Python爬蟲庫Scrapy入門1--爬取當當網商品數據

本文轉載自查看原文 2016-12-13 22:21 1910 Python

1.關於scrapy庫的介紹，可以查看其官方文檔：http://scrapy-chs.readthedocs.io/zh_CN/latest/

2.安裝：pip install scrapy 注意這個庫的運行需要pywin32的支持，因此還需要安裝pywin32。可以在這個網站上選擇合適的版本下載安裝：https://sourceforge.net/projects/pywin32/files/pywin32/

3.挖掘當當網商品數據：

首先需要創建一個名為dangdang的爬蟲項目，在powershell中進入你項目所在的位置：

D:\Py\myweb>scrapy startproject dangdang

New Scrapy project 'dangdang', using template directory 'd:\\python35\\lib\\site-packages\\scrapy\\templates\\project', created in:

    D:\Python35\myweb\dangdang

You can start your first spider with:

    cd dangdang

    scrapy genspider example example.com

創建好了爬蟲項目之后，需要進入該爬蟲項目，然后在爬蟲項目中創建一個爬蟲，如下所示：

D:\Py\myweb>cd .\dangdang\

D:\Py\myweb\dangdang>scrapy genspider -t basic dangspd dangdang.com

Created spider 'dangspd' using template 'basic' in module:

  Dangdang.spiders.dangspd

隨后，需要編寫items.py文件，在該文件中定義好需要爬取的內容，將items.py文件修改為如下所示：

# -*- coding: utf-8 -*-

# Define here the models for your scraped items

#

# See documentation in:

# http://doc.scrapy.org/en/latest/topics/items.html

import scrapy

class DangdangItem(scrapy.Item):

    # define the fields for your item here like:

    # name = scrapy.Field()

    #商品標題

    title=scrapy.Field()

    #商品評論數

    num=scrapy.Field()

隨后，需要編寫pipelines.py文件，在pipelines.py文件中，一般會編寫一些爬取后數據處理的代碼們需要將爬取到的信息依次展現到屏幕上同時保存在本地txt中，將pipelines.py文件修改為如下所示：

# -*- coding: utf-8 -*-

# Define your item pipelines here

#

# Don't forget to add your pipeline to the ITEM_PIPELINES setting

# See: http://doc.scrapy.org/en/latest/topics/item-pipeline.html

class DangdangPipeline(object):

    def process_item(self, item, spider):

        #item=dict(item)

        #print(len(item["name"]))

        for j in range(0,len(item["title"])):

            print(j)

            title=item["title"][j]

            num=item["num"][j]

            print("商品名："+title)

            print("商品評論數："+num)

            print("--------")

            with open("result.txt",'a') as f:
                f.write(title+"\t"+num +"\n")

        return item

隨后，接下來還需要編寫配置文件settings.py，編寫配置文件的目的有兩個：

1）、啟用剛剛編寫的pipelines，因為默認是不啟用的。

2）、設置不遵循robots協議爬行，因為該協議對的爬蟲有相關限制，遵循該協議，可能會無法爬取到結果。

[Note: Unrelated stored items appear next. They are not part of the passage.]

text \<open>
  With \<open>a = sqrt (1 - \<sigma>\<^sup>2)\<close> and \<open>b = sqrt (\<beta>\<^sup>2 - \<sigma>\<^sup>2)\<close>, the function
  \<open>phi p q \<beta> \<sigma> = p (a - 1) + q (b - 1) + \<sigma>\<close> is concave in \<open>\<sigma>\<close> with derivative
  \<open>1 - phi_slope p q \<beta> \<sigma>\<close>, so \<open>sigma_hat t \<beta>\<close> is its maximiser for \<open>(p, q) = (pf t, qf t)\<close>;
  as \<open>pf t + qf t = t + 1\<close>, the normalized length is \<open>len t \<beta> = max phi + 1 - sqrt 2\<close>.

  On \<open>[2k+1, 2k+2)\<close> the weight \<open>qf = k + 1\<close> is fixed and \<open>pf\<close> stays below its value \<open>k + 2\<close> at
  \<open>2k+2\<close>; since \<open>phi\<close> decreases in \<open>p\<close>, evaluating at the maximiser for \<open>2k+2\<close> shows that
  \<open>len\<close> is smaller there.

  On \<open>(2k, 2k+1)\<close> we have \<open>pf = k + 1\<close>, and \<open>\<sigma>\<^sub>0 = sqrt (\<beta>\<^sup>2 - 1)\<close> makes \<open>b = 1\<close>, so
  \<open>len t\<^sub>0 \<beta>\<close> does not depend on \<open>qf t\<^sub>0 \<in> (k, k + 1)\<close>, while the defining equation at \<open>t\<^sub>0\<close>
  yields \<open>(k + 1) \<sigma>\<^sub>0 (1 + a\<^sub>0) < a\<^sub>0 (1 + \<sigma>\<^sub>0)\<close> and \<open>sigma_hat (2k+2) \<beta> < \<sigma>\<^sub>0\<close>. It remains to
  bound \<open>phi (k + 2) (k + 1) \<beta>\<close> on \<open>[0, \<sigma>\<^sub>0)\<close>: for \<open>\<sigma>\<^sub>0 \<le> 1/2\<close> by linearising the square roots;
  for \<open>\<sigma>\<^sub>0 > 1/2\<close> the inequality above forces \<open>k = 0\<close>, and since \<open>\<beta> < sqrt (3/2)\<close> means
  \<open>\<sigma>\<^sub>0\<^sup>2 < 1/2\<close>, Taylor bounds and a polynomial inequality suffice.
\<close>

definition phi :: "real \<Rightarrow> real \<Rightarrow> real \<Rightarrow> real \<Rightarrow> real" where
  "phi p q \<beta> \<sigma> = p * (sqrt (1 - \<sigma>\<^sup>2) - 1) + q * (sqrt (\<beta>\<^sup>2 - \<sigma>\<^sup>2) - 1) + \<sigma>"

可以將配置文件settings.py的robots協議配置部分修改為如下所示，此時值設置為False，代表讓爬蟲不遵循當當網的robots協議爬行，當然不要利用這些技術做違法事項。

# Obey robots.txt rules

ROBOTSTXT_OBEY = False

然后， 再將配置文件settings.py的pipelines配置部分設置為如下所示，開啟對應的pipelines:

# Configure item pipelines

# See http://scrapy.readthedocs.org/en/latest/topics/item-pipeline.html

ITEM_PIPELINES = {

    'dangdang.pipelines.DangdangPipeline': 300,

}

隨后，需要分析當當網的網頁結構，總結出信息提取的規則以及自動爬行的規律。

打開某一個頻道頁，各頁對應的網址如下所示：

http://category.dangdang.com/pg1-cid4002644.html

http://category.dangdang.com/pg2-cid4002644.html

http://category.dangdang.com/pg3-cid4002644.html

……

此時，會發現，網頁的格式形如：http://category.dangdang.com/pg[頁碼]-cid4002644.html

有了該規律之后，可以將頁碼位置設置為變量，通過for循環就可以構造出一個頻道中所有的商品頁，也就通過這種方式實現了自動爬取。

然后，再分析商品信息的提取規律。

打開任意一個頻道頁http://category.dangdang.com/pg1-cid4002644.html，然后可以看到如下界面：

此時需要提取該頁面中所有的商品標題和商品評論信息，將其他無關信息過濾掉。所以，可以查看該網頁源代碼，以第一個商品為例進行分析，然后總結出所有商品的提取規律。可以右鍵--查看源代碼，然后通過ctrl+find快速定位源碼中該商品的對應源代碼部分，如下所示：

對應源代碼復制出來如下所示：

……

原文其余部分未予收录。